I will just write $(t_s)$ instead of $(t_s)_{s\in [2,3]}$.

Let $\tau_b$ be the box topology where the open basic subsets are $\prod_{s\in [2,3]}U_s$ where each $U_s\subseteq [0,1]$ is open, and $\tau_\phi$ the topology induced by the uniform metric $$\phi((t_s),(y_s))=\sup\{|t_s-y_s|:s\in [2,3]\}.$$

I want to prove that $\tau_{\phi}\subseteq\tau_b$. I think I almost have it, but still stuck in some part.

Let $B((t_s),\epsilon)$ be an open ball in $(X,\tau_{\phi})$ and $(y_s)\in B((t_s),\epsilon)$. In order to show that $(y_s)$ is an interior point of $B((t_s),\epsilon)$ in the space $(X,\tau_b)$, I must show there is some open basic subset in the box topology between them.

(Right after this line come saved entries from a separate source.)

lemma convex_cone_condition:
  fixes v :: "'a::real_inner"
  assumes "0 \<le> \<kappa>"
  shows "convex {u. \<kappa> * norm v * norm (v - u) \<le> inner v (v - u)}"
proof (rule convexI, simp only: mem_Collect_eq)
  fix x y :: 'a and s t :: real
  assume x: "\<kappa> * norm v * norm (v - x) \<le> inner v (v - x)"
    and y: "\<kappa> * norm v * norm (v - y) \<le> inner v (v - y)"
    and st: "0 \<le> s" "0 \<le> t" "s + t = 1"
  have split: "v - (s *\<^sub>R x + t *\<^sub>R y) = s *\<^sub>R (v - x) + t *\<^sub>R (v - y)"
    using st by (simp add: algebra_simps flip: scaleR_add_left)
  have "\<kappa> * norm v * norm (v - (s *\<^sub>R x + t *\<^sub>R y))
      \<le> \<kappa> * norm v * (s * norm (v - x) + t * norm (v - y))"
    unfolding split using norm_triangle_ineq[of "s *\<^sub>R (v - x)" "t *\<^sub>R (v - y)"] st assms
    by (intro mult_left_mono) simp_all
  also have "\<dots> = s * (\<kappa> * norm v * norm (v - x)) + t * (\<kappa> * norm v * norm (v - y))"
    by (simp add: algebra_simps)
  also have "\<dots> \<le> s * inner v (v - x) + t * inner v (v - y)"
    using x y st by (intro add_mono mult_left_mono)
  also have "\<dots> = inner v (v - (s *\<^sub>R x + t *\<^sub>R y))"
    unfolding split by (simp add: inner_add_right)
  finally show "\<kappa> * norm v * norm (v - (s *\<^sub>R x + t *\<^sub>R y)) \<le> inner v (v - (s *\<^sub>R x + t *\<^sub>R y))" .
qed

lemma cone_condition_norm_diff_ge:
  fixes v w :: "'a::real_inner"
  assumes "0 \<le> \<kappa>" "v \<noteq> 0"
    and cone: "\<And>u. u \<in> T \<Longrightarrow> \<kappa> * norm v * norm (v - u) \<le> inner v (v - u)"
    and w: "w \<in> interior (convex hull T)" and "norm v \<le> norm w"
  shows "2 * \<kappa> * norm v \<le> norm (v - w)"
proof -
  let ?C = "{u. \<kappa> * norm v * norm (v - u) \<le> inner v (v - u)}"
  have hull: "convex hull T \<subseteq> ?C"
    using cone by (intro hull_minimal convex_cone_condition assms(1)) auto
  also have "?C \<subseteq> {u. inner v u \<le> inner v v}"
  proof
    fix u
    assume "u \<in> ?C"
    moreover have "0 \<le> \<kappa> * norm v * norm (v - u)"
      using assms(1) by simp
    ultimately show "u \<in> {u. inner v u \<le> inner v v}"
      by (simp add: inner_diff_right)
  qed
  finally have "interior (convex hull T) \<subseteq> interior {u. inner v u \<le> inner v v}"
    by (rule interior_mono)
  with w assms(2) have "0 < norm (v - w)"
    by auto
  have "\<kappa> * norm v * norm (v - w) \<le> inner v (v - w)"
    using hull w interior_subset by blast
  moreover have "2 * inner v (v - w) \<le> norm (v - w) * norm (v - w)"
    using power_mono[OF \<open>norm v \<le> norm w\<close>, of 2] dot_norm_neg[of v w]
    by (simp add: inner_diff_right power2_norm_eq_inner[symmetric] power2_eq_square)
  ultimately have "(2 * \<kappa> * norm v) * norm (v - w) \<le> norm (v - w) * norm (v - w)"
    by linarith
  with \<open>0 < norm (v - w)\<close> show ?thesis
    by simp
qed

lemma cone_condition_of_perturbed:
  fixes A B :: "real^'n^'m" and x y :: "real^'n"
  assumes diff: "\<And>p. norm (A *v p - B *v p) \<le> \<eta> * norm p"
    and A_le: "\<And>p. norm (A *v p) \<le> norm p" and B_le: "\<And>p. norm (B *v p) \<le> norm p"
    and x: "norm x \<le> 1" and y: "norm y \<le> 1" and "0 \<le> \<kappa>" "0 < \<eta>" "2 * \<eta> \<le> c"
    and hyp: "\<kappa> < (inner (B *v x) (B *v (x - y)) - c * norm (x - y))
                   / ((norm (B *v x) + \<eta>) * (norm (B *v (x - y)) + 2 * \<eta>))"
  shows "\<kappa> * norm (A *v x) * norm (A *v x - A *v y) \<le> inner (A *v x) (A *v x - A *v y)"
proof -
  define d where "d = x - y"
  have Ad: "A *v x - A *v y = A *v d"
    by (simp add: d_def matrix_vector_mult_diff_distrib)
  have d: "norm d \<le> 2"
    using norm_triangle_ineq4[of x y] x y by (simp add: d_def)
  have Ax: "norm (A *v x - B *v x) \<le> \<eta>"
    using diff[of x] mult_left_le[OF x] \<open>0 < \<eta>\<close> by (meson less_imp_le order_trans)
  have "\<bar>inner (A *v x - B *v x) (A *v d)\<bar> \<le> \<eta> * norm d"
    using Cauchy_Schwarz_ineq2[of "A *v x - B *v x" "A *v d"] mult_mono[OF Ax A_le[of d]] \<open>0 < \<eta>\<close> by simp
  moreover have "\<bar>inner (B *v x) (A *v d - B *v d)\<bar> \<le> \<eta> * norm d"
    using Cauchy_Schwarz_ineq2[of "B *v x" "A *v d - B *v d"]
      mult_mono[OF order_trans[OF B_le x] diff[of d]] by simp
  moreover have "inner (A *v x) (A *v d) - inner (B *v x) (B *v d)
      = inner (A *v x - B *v x) (A *v d) + inner (B *v x) (A *v d - B *v d)"
    by (simp add: inner_diff_left inner_diff_right)
  moreover have "2 * \<eta> * norm d \<le> c * norm d"
    using \<open>2 * \<eta> \<le> c\<close> by (simp add: mult_right_mono)
  ultimately have num: "inner (B *v x) (B *v d) - c * norm d \<le> inner (A *v x) (A *v d)"
    by linarith
  have "norm (A *v x) \<le> norm (B *v x) + \<eta>"
    using Ax norm_triangle_ineq2[of "A *v x" "B *v x"] by linarith
  moreover have "norm (A *v d) \<le> norm (B *v d) + 2 * \<eta>"
    using diff[of d] mult_left_mono[OF d, of \<eta>] \<open>0 < \<eta>\<close> norm_triangle_ineq2[of "A *v d" "B *v d"]
    by linarith
  ultimately have den: "norm (A *v x) * norm (A *v d) \<le> (norm (B *v x) + \<eta>) * (norm (B *v d) + 2 * \<eta>)"
    using \<open>0 < \<eta>\<close> by (intro mult_mono) simp_all
  have "0 < (norm (B *v x) + \<eta>) * (norm (B *v d) + 2 * \<eta>)"
    using \<open>0 < \<eta>\<close> by (simp add: add_nonneg_pos)
  with hyp have "\<kappa> * ((norm (B *v x) + \<eta>) * (norm (B *v d) + 2 * \<eta>))
      < inner (B *v x) (B *v d) - c * norm d"
    by (simp add: d_def pos_less_divide_eq)
  moreover have "\<kappa> * (norm (A *v x) * norm (A *v d))
      \<le> \<kappa> * ((norm (B *v x) + \<eta>) * (norm (B *v d) + 2 * \<eta>))"
    using den \<open>0 \<le> \<kappa>\<close> by (rule mult_left_mono)
  ultimately show ?thesis
    using num by (simp add: Ad mult.assoc)
qed

lemma norm_orthogonal_matrix_mult:
  fixes L :: "real^'n^'n"
  assumes "orthogonal_matrix L"
  shows "norm (L *v x) = norm x"
proof -
  have "orthogonal_transformation (\<lambda>x. L *v x)"
    using assms by (simp add: orthogonal_transformation_matrix)
  then show ?thesis
    by (rule orthogonal_transformation_norm)
qed

lemma abs_inner_sum_same_sign:
  fixes Y :: "'a::real_inner" and Q :: "'i \<Rightarrow> 'a"
  assumes "\<forall>i\<in>I. 0 \<le> a i"
    and "(\<forall>i\<in>I. 0 < inner Y (Q i)) \<or> (\<forall>i\<in>I. inner Y (Q i) < 0)"
  shows "\<bar>inner Y (\<Sum>i\<in>I. a i *\<^sub>R Q i)\<bar> = (\<Sum>i\<in>I. a i * \<bar>inner Y (Q i)\<bar>)"
  using assms(2)
proof
  assume pos: "\<forall>i\<in>I. 0 < inner Y (Q i)"
  then have "(\<Sum>i\<in>I. a i * \<bar>inner Y (Q i)\<bar>) = (\<Sum>i\<in>I. a i * inner Y (Q i))"
    by (intro sum.cong) auto
  moreover have "0 \<le> (\<Sum>i\<in>I. a i * inner Y (Q i))"
    using pos assms(1) by (intro sum_nonneg) (simp add: less_imp_le)
  ultimately show ?thesis
    by (simp add: inner_sum_right)
next
  assume neg: "\<forall>i\<in>I. inner Y (Q i) < 0"
  then have "(\<Sum>i\<in>I. a i * \<bar>inner Y (Q i)\<bar>) = - (\<Sum>i\<in>I. a i * inner Y (Q i))"
    by (simp add: sum_negf[symmetric]) (intro sum.cong; auto)
  moreover have "(\<Sum>i\<in>I. a i * inner Y (Q i)) \<le> 0"
    using neg assms(1) by (intro sum_nonpos) (simp add: mult_nonneg_nonpos less_imp_le)
  ultimately show ?thesis
    by (simp add: inner_sum_right)
qed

First I tried with $\delta = \epsilon -\phi ((t_s),(y_s))$, and wanted to show if $$\prod_{s\in [2,3]}(y_s-\delta,y_s+\delta)\subseteq B((t_s),\epsilon).$$

But it won't work because if $(z_s)$ is in that product, then for each $s\in [2,3]$, we have $|z_s-y_s|<\delta $ and then $$|z_s-t_s|\le|z_s-y_s|+\phi((t_s),(y_s))<\epsilon,$$

and this only takes us to $\phi((z_s),(t_s))\le\epsilon$, so we cannot say that $(z_s)$ is in the open ball $B((t_s),\epsilon)$.

Any hint? Thank you.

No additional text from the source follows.